WHAT TO WORK ON —
Print the first line of the material below and each line after it, exactly as written, ending with the line that contains "y) = gq_mult".

DATASET —
lemma bilinear_gq_mult: "bilinear (gq_mult l1 l2 l3)"
proof -
  have "gq_mult l1 l2 l3 (x + y) z = gq_mult l1 l2 l3 x z + gq_mult l1 l2 l3 y z"
    "gq_mult l1 l2 l3 z (x + y) = gq_mult l1 l2 l3 z x + gq_mult l1 l2 l3 z y"
    "gq_mult l1 l2 l3 (r *\<^sub>R x) z = r *\<^sub>R gq_mult l1 l2 l3 x z"
    "gq_mult l1 l2 l3 z (r *\<^sub>R x) = r *\<^sub>R gq_mult l1 l2 l3 z x" for x y z r
    by (cases x; cases y; cases z; simp add: algebra_simps)+
  then show ?thesis
    by (simp add: bilinear_def linear_iff)
qed

lemma periodic3_eq_mod:
  fixes f :: "nat \<Rightarrow> 'a" and n :: nat
  assumes "\<And>k. f (k + 3) = f k"
  shows "f n = f (n mod 3)"
proof -
  have "f (3 * q + r) = f r" for q r
  proof (induction q)
    case (Suc q)
    then show ?case using assms[of "3 * q + r"] by (simp add: add.commute add.left_commute)
  qed simp
  then show ?thesis
    by (metis div_mult_mod_eq mult.commute)
qed

lemma periodic3_eqI:
  fixes f g :: "nat \<Rightarrow> 'a"
  assumes "\<And>k. f (k + 3) = f k" "\<And>k. g (k + 3) = g k"
    and "f 0 = g 0" "f 1 = g 1" "f 2 = g 2"
  shows "f n = g n"
proof -
  have "n mod 3 = 0 \<or> n mod 3 = 1 \<or> n mod 3 = 2"
    by linarith
  then show ?thesis
    using assms periodic3_eq_mod[of f n] periodic3_eq_mod[of g n] by auto
qed

lemma jacobsthal3_rec_minus_geometric:
  fixes x :: "nat \<Rightarrow> 'a::real_vector"
  assumes rec: "\<And>n. x (n + 3) = x (n + 2) + x (n + 1) + 2 *\<^sub>R x n"
    and sum: "x 0 + x 1 + x 2 = 7 *\<^sub>R a"
  defines "w \<equiv> \<lambda>n. x n - 2 ^ n *\<^sub>R a"
  shows "w (n + 3) = w n" and "w 0 + w 1 + w 2 = 0"
proof -
  have "(2 ^ (n + 3)) *\<^sub>R a = 2 ^ (n + 2) *\<^sub>R a + 2 ^ (n + 1) *\<^sub>R a + 2 *\<^sub>R 2 ^ n *\<^sub>R a" for n
  proof -
    have "(2::real) ^ (n + 3) = 2 ^ (n + 2) + 2 ^ (n + 1) + 2 * 2 ^ n" by (simp add: power_add)
    then show ?thesis by (simp flip: scaleR_add_left)
  qed
  then have w_rec: "w (n + 3) = w (n + 2) + w (n + 1) + 2 *\<^sub>R w n" for n
    by (simp add: w_def rec algebra_simps)
  have "7 *\<^sub>R a = (1 + 2 + 4 :: real) *\<^sub>R a"
    by simp
  also have "\<dots> = a + 2 *\<^sub>R a + 4 *\<^sub>R a"
    by (simp only: scaleR_add_left scaleR_one)
  finally show sum0: "w 0 + w 1 + w 2 = 0"
    using sum by (simp add: w_def algebra_simps)
  have zero_sum: "w n + w (n + 1) + w (n + 2) = 0" for n
  proof (induction n)
    case (Suc n)
    have "w (n + 1) + w (n + 2) + w (n + 3) = 2 *\<^sub>R (w n + w (n + 1) + w (n + 2))"
      using w_rec[of n] by (simp add: algebra_simps scaleR_2)
    then show ?case using Suc by (simp add: add.assoc numeral_eq_Suc)
  qed (use sum0 in \<open>simp add: numeral_eq_Suc\<close>)
  have "w (n + 3) = (w n + w (n + 1) + w (n + 2)) + w n"
    using w_rec[of n] by (simp add: algebra_simps scaleR_2)
  then show "w (n + 3) = w n"
    by (simp only: zero_sum add_0)
qed

lemma bilinear_cassini_geometric_plus:
  assumes f: "bilinear f" and G: "\<And>k. G k = (c * 2 ^ k) *\<^sub>R T + W k"
  shows "f (G (m + 2)) (G m) - f (G (m + 1)) (G (m + 1)) =
           (c * 2 ^ m) *\<^sub>R (2 *\<^sub>R f T (2 *\<^sub>R W m - W (m + 1)) - f (2 *\<^sub>R W (m + 1) - W (m + 2)) T)
           + (f (W (m + 2)) (W m) - f (W (m + 1)) (W (m + 1)))"
  by (simp add: G bilinear_ladd[OF f] bilinear_radd[OF f] bilinear_lmul[OF f] bilinear_rmul[OF f]
      bilinear_lsub[OF f] bilinear_rsub[OF f] power_add scaleR_diff_right scaleR_add_right mult_ac)

lemma bilinear_cassini_periodic_zero_sum:
  fixes W :: "nat \<Rightarrow> 'a::real_vector"
  assumes f: "bilinear f" and per: "\<And>k. W (k + 3) = W k" and sum: "W 0 + W 1 + W 2 = 0"
  shows "f (W (m + 2)) (W m) - f (W (m + 1)) (W (m + 1)) =
           - (f (W 0) (W 0) + f (W 0) (W 2) + f (W 2) (W 2))"
proof -
  have W1: "W 1 = - (W 0 + W 2)"
    using sum by (simp add: algebra_simps eq_neg_iff_add_eq_0)
  have W3: "W 3 = W 0" and W4: "W 4 = W 1"
    using per[of 0] per[of 1] by simp_all
  note expand = bilinear_ladd[OF f] bilinear_radd[OF f] bilinear_lneg[OF f] bilinear_rneg[OF f]
    bilinear_lsub[OF f] bilinear_rsub[OF f]
  let ?Q = "- (f (W 0) (W 0) + f (W 0) (W 2) + f (W 2) (W 2))"
  have "f (W 2) (W 0) - f (W 1) (W 1) = ?Q" "f (W 3) (W 1) - f (W 2) (W 2) = ?Q"
    "f (W 4) (W 2) - f (W 3) (W 3) = ?Q"
    unfolding W3 W4 W1 by (simp_all add: expand algebra_simps)
  then have "f (W (k + 2)) (W k) - f (W (k + 1)) (W (k + 1)) = ?Q" if "k < 3" for k
    using that by (auto simp: less_Suc_eq numeral_eq_Suc)
  moreover have "W (m + j) = W (m mod 3 + j)" for j
    using periodic3_eq_mod[of W, OF per] by (metis mod_add_left_eq)
  ultimately show ?thesis
    by (metis add_0_right mod_less_divisor zero_less_numeral)
qed

lemma J3_recurrence: "J3 (n + 3) = J3 (n + 2) + J3 (n + 1) + 2 * J3 n"
  by (simp add: numeral_eq_Suc)

lemma K3_recurrence: "K3 (n + 3) = K3 (n + 2) + K3 (n + 1) + 2 * K3 n"
  by (simp add: numeral_eq_Suc)

lemma JG_recurrence: "JG (n + 3) = JG (n + 2) + JG (n + 1) + 2 *\<^sub>R JG n"
  using J3_recurrence[of n] J3_recurrence[of "n + 1"] J3_recurrence[of "n + 2"]
    J3_recurrence[of "n + 3"]
  by (simp add: JG_def add.assoc)

lemma KG_recurrence: "KG (n + 3) = KG (n + 2) + KG (n + 1) + 2 *\<^sub>R KG n"
  using K3_recurrence[of n] K3_recurrence[of "n + 1"] K3_recurrence[of "n + 2"]
    K3_recurrence[of "n + 3"]
  by (simp add: KG_def add.assoc)

lemma JG_initial_sum: "JG 0 + JG 1 + JG 2 = 7 *\<^sub>R (2/7) *\<^sub>R Theta"
  by (simp add: JG_def Theta_def eval_nat_numeral)

lemma KG_initial_sum: "KG 0 + KG 1 + KG 2 = 7 *\<^sub>R Theta"
  by (simp add: KG_def Theta_def eval_nat_numeral)

definition JG_per :: "nat \<Rightarrow> gq" where
  "JG_per n = JG n - 2 ^ n *\<^sub>R (2/7) *\<^sub>R Theta"

definition KG_per :: "nat \<Rightarrow> gq" where
  "KG_per n = KG n - 2 ^ n *\<^sub>R Theta"

lemma JG_per_shift3: "JG_per (n + 3) = JG_per n"
  and JG_per_zero_sum: "JG_per 0 + JG_per 1 + JG_per 2 = 0"
  using jacobsthal3_rec_minus_geometric[OF JG_recurrence JG_initial_sum]
  by (simp_all add: JG_per_def)

lemma KG_per_shift3: "KG_per (n + 3) = KG_per n"
  and KG_per_zero_sum: "KG_per 0 + KG_per 1 + KG_per 2 = 0"
  using jacobsthal3_rec_minus_geometric[OF KG_recurrence KG_initial_sum]
  by (simp_all add: KG_per_def)

lemma JG_per_0: "JG_per 0 = - (1/7) *\<^sub>R gqB" and JG_per_2: "JG_per 2 = - (1/7) *\<^sub>R gqA"
  by (simp_all add: JG_per_def JG_def Theta_def gqA_def gqB_def eval_nat_numeral)

lemma JG_per_1: "JG_per 1 = (1/7) *\<^sub>R (gqA + gqB)"
  using JG_per_zero_sum by (simp add: JG_per_0 JG_per_2 algebra_simps eq_neg_iff_add_eq_0)

lemma KG_per_0: "KG_per 0 = - gqD" and KG_per_2: "KG_per 2 = - gqC"
  by (simp_all add: KG_per_def KG_def Theta_def gqC_def gqD_def eval_nat_numeral)

lemma KG_per_1: "KG_per 1 = gqC + gqD"
  using KG_per_zero_sum by (simp add: KG_per_0 KG_per_2 algebra_simps eq_neg_iff_add_eq_0)

lemma commutator_gqB_gqA:
  "gq_mult l1 l2 l3 gqB gqA - gq_mult l1 l2 l3 gqA gqB = 14 *\<^sub>R Omega l1 l2 l3"
  by (simp add: gqA_def gqB_def Omega_def)

lemma commutator_gqD_gqC:
  "gq_mult l1 l2 l3 gqD gqC - gq_mult l1 l2 l3 gqC gqD = 6 *\<^sub>R Omega l1 l2 l3"
  by (simp add: gqC_def gqD_def Omega_def)

lemma Xs_shift3: "Xs (n + 3) = Xs n"
  by (simp add: Xs_def)

lemma Y1_shift3: "Y1 (n + 3) = Y1 n" and Y1s_shift3: "Y1s (n + 3) = Y1s n"
proof -
  have "Xs (n + 3 + 1) = Xs (n + 1)"
    using Xs_shift3[of "n + 1"] by (simp add: ac_simps)
  then show "Y1 (n + 3) = Y1 n" "Y1s (n + 3) = Y1s n"
    by (simp_all add: Y1_def Y1s_def Xs_shift3)
qed

lemma Y1_eq_JG_per: "Y1 m = 7 *\<^sub>R (2 *\<^sub>R JG_per m - JG_per (m + 1))"
proof (rule periodic3_eqI[of Y1])
  show "7 *\<^sub>R (2 *\<^sub>R JG_per (k + 3) - JG_per (k + 3 + 1)) = 7 *\<^sub>R (2 *\<^sub>R JG_per k - JG_per (k + 1))"
    for k
    using JG_per_shift3[of k] JG_per_shift3[of "k + 1"] by (simp add: ac_simps)
  have "Y1 0 = 7 *\<^sub>R (2 *\<^sub>R JG_per 0 - JG_per 1)" "Y1 1 = 7 *\<^sub>R (2 *\<^sub>R JG_per 1 - JG_per 2)"
    "Y1 2 = 7 *\<^sub>R (2 *\<^sub>R JG_per 2 - JG_per 3)"
    using JG_per_shift3[of 0] unfolding Y1_def JG_per_1
    by (simp_all add: Xs_def gq_sub_eq_minus gq_add_eq_plus gq_scale_eq_scaleR JG_per_0 JG_per_2
        gqA_def gqB_def)
  \<comment> \<open>plain \<open>simp\<close> would turn \<open>k + 1\<close> into \<open>Suc k\<close> and miss the equations above\<close>
  moreover have "(0::nat) + 1 = 1" "(1::nat) + 1 = 2" "(2::nat) + 1 = 3"
    by simp_all
  ultimately show "Y1 0 = 7 *\<^sub>R (2 *\<^sub>R JG_per 0 - JG_per (0 + 1))"
    "Y1 1 = 7 *\<^sub>R (2 *\<^sub>R JG_per 1 - JG_per (1 + 1))"
    "Y1 2 = 7 *\<^sub>R (2 *\<^sub>R JG_per 2 - JG_per (2 + 1))"
    by (simp_all only:)
qed (rule Y1_shift3)

lemma Y1s_eq_KG_per: "Y1s m = 2 *\<^sub>R KG_per m - KG_per (m + 1)"
proof (rule periodic3_eqI[of Y1s])
  show "2 *\<^sub>R KG_per (k + 3) - KG_per (k + 3 + 1) = 2 *\<^sub>R KG_per k - KG_per (k + 1)" for k
    using KG_per_shift3[of k] KG_per_shift3[of "k + 1"] by (simp add: ac_simps)
  have "Y1s 0 = 2 *\<^sub>R KG_per 0 - KG_per 1" "Y1s 1 = 2 *\<^sub>R KG_per 1 - KG_per 2"
    "Y1s 2 = 2 *\<^sub>R KG_per 2 - KG_per 3"
    using KG_per_shift3[of 0] unfolding Y1s_def KG_per_1
    by (simp_all add: Xs_def gq_sub_eq_minus gq_add_eq_plus gq_scale_eq_scaleR KG_per_0 KG_per_2
        gqC_def gqD_def)
  moreover have "(0::nat) + 1 = 1" "(1::nat) + 1 = 2" "(2::nat) + 1 = 3"
    by simp_all
  ultimately show "Y1s 0 = 2 *\<^sub>R KG_per 0 - KG_per (0 + 1)"
    "Y1s 1 = 2 *\<^sub>R KG_per 1 - KG_per (1 + 1)" "Y1s 2 = 2 *\<^sub>R KG_per 2 - KG_per (2 + 1)"
    by (simp_all only:)
qed (rule Y1s_shift3)

lemma JG_cassini:
  "gq_mult l1 l2 l3 (JG (m + 2)) (JG m) - gq_mult l1 l2 l3 (JG (m + 1)) (JG (m + 1)) =
     (1/49) *\<^sub>R (2 ^ (m + 1) *\<^sub>R (2 *\<^sub>R gq_mult l1 l2 l3 Theta (Y1 m) - gq_mult l1 l2 l3 (Y1 (m + 1)) Theta)
       - (Xi l1 l2 l3 + 14 *\<^sub>R Omega l1 l2 l3))"
proof -
  let ?f = "gq_mult l1 l2 l3"
  have f: "bilinear ?f"
    by (rule bilinear_gq_mult)
  have G: "JG k = (2/7 * 2 ^ k) *\<^sub>R Theta + JG_per k" for k
    by (simp add: JG_per_def)
  have P: "2 *\<^sub>R JG_per k - JG_per (k + 1) = (1/7) *\<^sub>R Y1 k" for k
    by (simp add: Y1_eq_JG_per)
  have Q: "?f (JG_per 0) (JG_per 0) + ?f (JG_per 0) (JG_per 2) + ?f (JG_per 2) (JG_per 2) =
      (1/49) *\<^sub>R (Xi l1 l2 l3 + 14 *\<^sub>R Omega l1 l2 l3)"
    unfolding JG_per_0 JG_per_2 Xi_def gq_add_eq_plus commutator_gqB_gqA[symmetric]
    by (simp add: bilinear_lmul[OF f] bilinear_rmul[OF f] bilinear_lneg[OF f] bilinear_rneg[OF f]
        algebra_simps)
  show ?thesis
    using P[of m] P[of "m + 1"]
    unfolding bilinear_cassini_geometric_plus[OF f G] Q
      bilinear_cassini_periodic_zero_sum[OF f JG_per_shift3 JG_per_zero_sum]
    by (simp add: bilinear_lmul[OF f] bilinear_rmul[OF f] algebra_simps)
qed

SOLUTION TO THIS EXERCISE —
lemma bilinear_gq_mult: "bilinear (gq_mult l1 l2 l3)"
proof -
  have "gq_mult l1 l2 l3 (x + y) z = gq_mult l1 l2 l3 x z + gq_mult l1 l2 l3 y z"
    "gq_mult l1 l2 l3 z (x + y) = gq_mult l1 l2 l3 z x + gq_mult l1 l2 l3 z y"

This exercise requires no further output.